[[ EXERCISE INPUTS, beginning ]]

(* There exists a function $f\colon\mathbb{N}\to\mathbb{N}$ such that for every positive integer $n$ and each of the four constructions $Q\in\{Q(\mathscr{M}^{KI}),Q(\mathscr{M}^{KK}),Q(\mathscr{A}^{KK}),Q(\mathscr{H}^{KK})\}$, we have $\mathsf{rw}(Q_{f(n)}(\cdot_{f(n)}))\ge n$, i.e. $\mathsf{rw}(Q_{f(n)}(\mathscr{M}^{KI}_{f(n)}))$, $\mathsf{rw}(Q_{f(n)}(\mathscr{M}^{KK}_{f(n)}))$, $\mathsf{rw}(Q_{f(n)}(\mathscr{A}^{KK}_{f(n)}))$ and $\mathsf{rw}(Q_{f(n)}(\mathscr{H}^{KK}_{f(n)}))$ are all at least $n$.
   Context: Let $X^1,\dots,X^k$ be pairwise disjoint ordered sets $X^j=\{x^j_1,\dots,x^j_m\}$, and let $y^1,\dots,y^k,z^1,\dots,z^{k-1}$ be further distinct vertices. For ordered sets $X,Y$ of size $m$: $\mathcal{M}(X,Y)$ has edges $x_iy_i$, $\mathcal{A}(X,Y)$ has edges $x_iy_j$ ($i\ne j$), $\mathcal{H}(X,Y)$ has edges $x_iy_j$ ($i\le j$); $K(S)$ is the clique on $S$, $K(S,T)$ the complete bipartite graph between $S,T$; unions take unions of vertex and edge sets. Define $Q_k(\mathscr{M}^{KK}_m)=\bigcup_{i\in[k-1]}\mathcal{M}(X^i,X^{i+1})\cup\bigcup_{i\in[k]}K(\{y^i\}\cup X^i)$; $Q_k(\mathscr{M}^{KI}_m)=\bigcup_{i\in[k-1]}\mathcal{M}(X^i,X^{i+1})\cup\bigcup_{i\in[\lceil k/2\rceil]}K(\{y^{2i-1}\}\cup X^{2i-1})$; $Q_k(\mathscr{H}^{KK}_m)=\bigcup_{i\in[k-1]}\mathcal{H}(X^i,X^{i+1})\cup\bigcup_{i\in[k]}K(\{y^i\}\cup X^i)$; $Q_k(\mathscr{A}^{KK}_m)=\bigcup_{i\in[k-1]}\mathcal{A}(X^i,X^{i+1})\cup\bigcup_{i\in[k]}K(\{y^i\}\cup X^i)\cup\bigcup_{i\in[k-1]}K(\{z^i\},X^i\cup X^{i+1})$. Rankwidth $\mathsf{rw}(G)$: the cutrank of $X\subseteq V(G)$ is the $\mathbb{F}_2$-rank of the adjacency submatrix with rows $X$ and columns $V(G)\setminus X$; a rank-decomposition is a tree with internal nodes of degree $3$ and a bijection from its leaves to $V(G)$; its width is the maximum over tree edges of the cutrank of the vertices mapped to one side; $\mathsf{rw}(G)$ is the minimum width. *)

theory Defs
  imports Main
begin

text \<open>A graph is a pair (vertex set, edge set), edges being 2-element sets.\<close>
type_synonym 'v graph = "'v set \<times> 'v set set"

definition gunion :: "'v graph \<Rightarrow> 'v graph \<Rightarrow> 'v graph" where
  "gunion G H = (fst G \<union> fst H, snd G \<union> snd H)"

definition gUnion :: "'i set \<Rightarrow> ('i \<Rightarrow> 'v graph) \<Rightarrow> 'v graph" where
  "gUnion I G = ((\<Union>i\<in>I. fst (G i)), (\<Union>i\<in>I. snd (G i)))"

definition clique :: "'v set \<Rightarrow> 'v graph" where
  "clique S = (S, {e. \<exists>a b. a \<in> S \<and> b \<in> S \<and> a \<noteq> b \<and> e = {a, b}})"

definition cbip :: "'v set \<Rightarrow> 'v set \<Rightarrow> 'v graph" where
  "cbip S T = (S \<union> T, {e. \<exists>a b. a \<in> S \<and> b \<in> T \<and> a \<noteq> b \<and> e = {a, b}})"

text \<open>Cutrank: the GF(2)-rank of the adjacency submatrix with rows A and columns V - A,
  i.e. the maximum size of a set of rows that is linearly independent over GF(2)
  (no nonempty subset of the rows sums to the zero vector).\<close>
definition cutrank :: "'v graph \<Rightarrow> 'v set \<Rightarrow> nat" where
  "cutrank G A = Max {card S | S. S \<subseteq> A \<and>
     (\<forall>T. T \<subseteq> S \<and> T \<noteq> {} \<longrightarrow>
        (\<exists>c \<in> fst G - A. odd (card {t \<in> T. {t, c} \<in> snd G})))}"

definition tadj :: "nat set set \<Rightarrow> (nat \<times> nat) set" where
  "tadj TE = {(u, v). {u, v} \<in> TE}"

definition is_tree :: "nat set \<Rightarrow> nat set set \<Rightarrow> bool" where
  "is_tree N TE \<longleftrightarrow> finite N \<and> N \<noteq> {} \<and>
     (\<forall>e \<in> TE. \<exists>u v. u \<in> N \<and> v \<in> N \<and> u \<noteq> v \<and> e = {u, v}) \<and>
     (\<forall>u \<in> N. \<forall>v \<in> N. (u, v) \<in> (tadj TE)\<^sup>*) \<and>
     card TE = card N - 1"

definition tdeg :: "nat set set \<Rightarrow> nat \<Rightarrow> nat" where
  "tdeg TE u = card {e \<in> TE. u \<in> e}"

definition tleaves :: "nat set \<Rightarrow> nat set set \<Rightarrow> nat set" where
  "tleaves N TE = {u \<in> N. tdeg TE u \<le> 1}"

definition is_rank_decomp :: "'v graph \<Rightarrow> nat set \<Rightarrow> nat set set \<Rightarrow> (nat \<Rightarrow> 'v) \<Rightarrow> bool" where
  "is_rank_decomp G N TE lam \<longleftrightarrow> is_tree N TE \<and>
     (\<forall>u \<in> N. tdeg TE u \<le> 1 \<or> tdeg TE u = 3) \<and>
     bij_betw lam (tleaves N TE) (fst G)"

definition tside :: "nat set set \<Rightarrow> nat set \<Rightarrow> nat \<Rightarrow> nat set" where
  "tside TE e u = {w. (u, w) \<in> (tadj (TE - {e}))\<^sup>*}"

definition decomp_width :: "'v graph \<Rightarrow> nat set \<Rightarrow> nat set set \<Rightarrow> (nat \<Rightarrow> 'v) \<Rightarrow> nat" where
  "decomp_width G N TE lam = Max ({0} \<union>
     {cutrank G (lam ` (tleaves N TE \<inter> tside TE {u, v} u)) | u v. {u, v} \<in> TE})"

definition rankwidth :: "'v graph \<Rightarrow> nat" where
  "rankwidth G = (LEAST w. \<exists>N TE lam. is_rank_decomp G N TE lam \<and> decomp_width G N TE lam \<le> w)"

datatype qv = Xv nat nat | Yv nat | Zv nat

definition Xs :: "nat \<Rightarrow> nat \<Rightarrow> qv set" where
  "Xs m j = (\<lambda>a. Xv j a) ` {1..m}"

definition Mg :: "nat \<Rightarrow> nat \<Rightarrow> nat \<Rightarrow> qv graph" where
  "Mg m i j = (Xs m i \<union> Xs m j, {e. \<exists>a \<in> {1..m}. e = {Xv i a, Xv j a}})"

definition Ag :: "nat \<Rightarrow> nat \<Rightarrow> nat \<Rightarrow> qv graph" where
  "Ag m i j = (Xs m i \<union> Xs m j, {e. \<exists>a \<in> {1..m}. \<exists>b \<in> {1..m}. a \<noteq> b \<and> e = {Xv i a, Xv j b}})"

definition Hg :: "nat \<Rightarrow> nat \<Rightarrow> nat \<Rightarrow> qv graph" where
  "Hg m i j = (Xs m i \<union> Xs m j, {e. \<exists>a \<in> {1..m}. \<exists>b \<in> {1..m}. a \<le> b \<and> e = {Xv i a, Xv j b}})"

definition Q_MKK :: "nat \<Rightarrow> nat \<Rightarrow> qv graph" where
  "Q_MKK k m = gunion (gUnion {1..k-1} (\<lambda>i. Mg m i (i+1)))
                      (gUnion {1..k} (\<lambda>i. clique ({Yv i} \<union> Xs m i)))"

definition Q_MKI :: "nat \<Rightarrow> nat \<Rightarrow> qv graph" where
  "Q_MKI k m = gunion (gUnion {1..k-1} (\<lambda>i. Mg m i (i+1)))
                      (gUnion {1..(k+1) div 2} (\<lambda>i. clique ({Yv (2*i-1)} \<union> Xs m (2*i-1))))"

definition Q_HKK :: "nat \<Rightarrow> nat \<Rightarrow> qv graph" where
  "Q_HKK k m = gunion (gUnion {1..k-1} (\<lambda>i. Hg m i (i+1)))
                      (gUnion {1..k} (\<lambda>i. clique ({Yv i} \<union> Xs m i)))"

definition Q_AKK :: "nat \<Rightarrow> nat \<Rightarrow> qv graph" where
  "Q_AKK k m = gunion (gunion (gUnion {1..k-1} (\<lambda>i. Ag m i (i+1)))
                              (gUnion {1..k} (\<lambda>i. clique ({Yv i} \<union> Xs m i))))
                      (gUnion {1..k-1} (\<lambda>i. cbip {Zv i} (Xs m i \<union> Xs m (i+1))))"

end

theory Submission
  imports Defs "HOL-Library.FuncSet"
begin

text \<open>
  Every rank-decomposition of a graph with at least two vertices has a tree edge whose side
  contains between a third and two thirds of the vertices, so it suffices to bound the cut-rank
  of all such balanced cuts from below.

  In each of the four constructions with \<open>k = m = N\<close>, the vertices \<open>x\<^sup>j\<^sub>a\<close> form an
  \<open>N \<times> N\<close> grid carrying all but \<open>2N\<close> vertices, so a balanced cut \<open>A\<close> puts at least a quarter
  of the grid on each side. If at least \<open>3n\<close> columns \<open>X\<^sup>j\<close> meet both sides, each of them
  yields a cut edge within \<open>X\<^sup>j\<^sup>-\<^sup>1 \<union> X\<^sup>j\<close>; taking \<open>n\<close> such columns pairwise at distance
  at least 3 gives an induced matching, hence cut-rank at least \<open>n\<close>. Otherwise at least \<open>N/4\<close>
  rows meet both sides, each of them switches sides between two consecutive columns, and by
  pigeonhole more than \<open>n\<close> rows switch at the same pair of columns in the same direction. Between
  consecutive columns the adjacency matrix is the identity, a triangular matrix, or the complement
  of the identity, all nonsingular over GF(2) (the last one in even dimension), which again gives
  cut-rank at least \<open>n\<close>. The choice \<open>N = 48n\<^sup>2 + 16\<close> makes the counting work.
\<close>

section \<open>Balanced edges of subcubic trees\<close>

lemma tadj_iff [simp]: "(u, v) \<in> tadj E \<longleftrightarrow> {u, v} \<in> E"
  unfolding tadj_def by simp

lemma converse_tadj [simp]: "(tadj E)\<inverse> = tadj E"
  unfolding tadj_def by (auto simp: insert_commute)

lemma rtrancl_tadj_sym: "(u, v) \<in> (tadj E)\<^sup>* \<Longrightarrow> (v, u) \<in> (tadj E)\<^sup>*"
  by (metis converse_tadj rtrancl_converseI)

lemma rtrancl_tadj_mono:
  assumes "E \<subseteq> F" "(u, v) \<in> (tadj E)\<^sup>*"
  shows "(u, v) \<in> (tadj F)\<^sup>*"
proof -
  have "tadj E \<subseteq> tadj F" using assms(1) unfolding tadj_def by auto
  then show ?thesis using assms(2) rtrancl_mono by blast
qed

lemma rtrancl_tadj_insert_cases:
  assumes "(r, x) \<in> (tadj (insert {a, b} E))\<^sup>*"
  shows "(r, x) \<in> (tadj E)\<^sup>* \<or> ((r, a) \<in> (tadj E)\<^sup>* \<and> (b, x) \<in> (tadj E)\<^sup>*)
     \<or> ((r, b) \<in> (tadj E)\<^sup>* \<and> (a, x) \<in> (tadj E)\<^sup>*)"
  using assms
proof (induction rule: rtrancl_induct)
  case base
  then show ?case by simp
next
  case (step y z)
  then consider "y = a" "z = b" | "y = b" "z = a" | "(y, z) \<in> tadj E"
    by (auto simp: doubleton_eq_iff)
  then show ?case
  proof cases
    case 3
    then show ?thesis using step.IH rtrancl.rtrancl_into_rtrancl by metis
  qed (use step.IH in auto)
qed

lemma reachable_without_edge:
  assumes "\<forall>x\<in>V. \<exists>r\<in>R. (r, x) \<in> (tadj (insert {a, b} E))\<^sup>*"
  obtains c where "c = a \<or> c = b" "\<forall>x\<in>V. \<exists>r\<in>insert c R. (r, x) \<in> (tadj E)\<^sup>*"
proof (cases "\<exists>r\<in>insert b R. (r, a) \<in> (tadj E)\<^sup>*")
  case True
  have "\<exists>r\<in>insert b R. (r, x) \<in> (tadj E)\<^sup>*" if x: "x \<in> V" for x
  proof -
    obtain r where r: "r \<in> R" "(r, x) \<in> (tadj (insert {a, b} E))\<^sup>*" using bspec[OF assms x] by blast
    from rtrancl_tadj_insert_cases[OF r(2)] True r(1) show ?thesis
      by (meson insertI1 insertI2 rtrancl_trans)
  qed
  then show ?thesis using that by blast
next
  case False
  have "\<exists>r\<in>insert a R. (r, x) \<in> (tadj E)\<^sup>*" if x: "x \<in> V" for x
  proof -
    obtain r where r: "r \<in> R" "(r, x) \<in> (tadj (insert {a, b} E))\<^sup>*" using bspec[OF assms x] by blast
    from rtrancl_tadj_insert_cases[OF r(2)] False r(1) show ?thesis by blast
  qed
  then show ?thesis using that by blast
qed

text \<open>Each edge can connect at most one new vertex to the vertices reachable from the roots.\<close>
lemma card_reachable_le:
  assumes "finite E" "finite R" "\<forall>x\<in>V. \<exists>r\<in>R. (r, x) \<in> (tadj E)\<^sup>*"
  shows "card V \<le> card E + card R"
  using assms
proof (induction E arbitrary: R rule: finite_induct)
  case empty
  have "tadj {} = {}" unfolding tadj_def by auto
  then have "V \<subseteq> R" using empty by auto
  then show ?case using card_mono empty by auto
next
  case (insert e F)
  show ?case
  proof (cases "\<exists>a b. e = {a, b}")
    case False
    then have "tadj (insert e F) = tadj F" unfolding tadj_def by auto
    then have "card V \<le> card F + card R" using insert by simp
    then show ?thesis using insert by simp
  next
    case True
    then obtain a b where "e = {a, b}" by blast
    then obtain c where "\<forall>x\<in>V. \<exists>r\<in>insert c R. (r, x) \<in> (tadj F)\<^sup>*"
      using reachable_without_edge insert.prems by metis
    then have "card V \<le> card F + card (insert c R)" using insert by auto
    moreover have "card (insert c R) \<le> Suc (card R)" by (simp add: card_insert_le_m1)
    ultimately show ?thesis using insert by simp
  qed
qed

[[ EXERCISE INPUTS, end ]]

## WHAT TO DO
From the material above, set down exactly the lines between the line holding "then show ?case using" and the line holding "e F) = tadj", inclusive. Include nothing else.

## EXERCISE RESPONSE
  then show ?case using card_mono empty by auto
next
  case (insert e F)
  show ?case
  proof (cases "\<exists>a b. e = {a, b}")
    case False
    then have "tadj (insert e F) = tadj F" unfolding tadj_def by auto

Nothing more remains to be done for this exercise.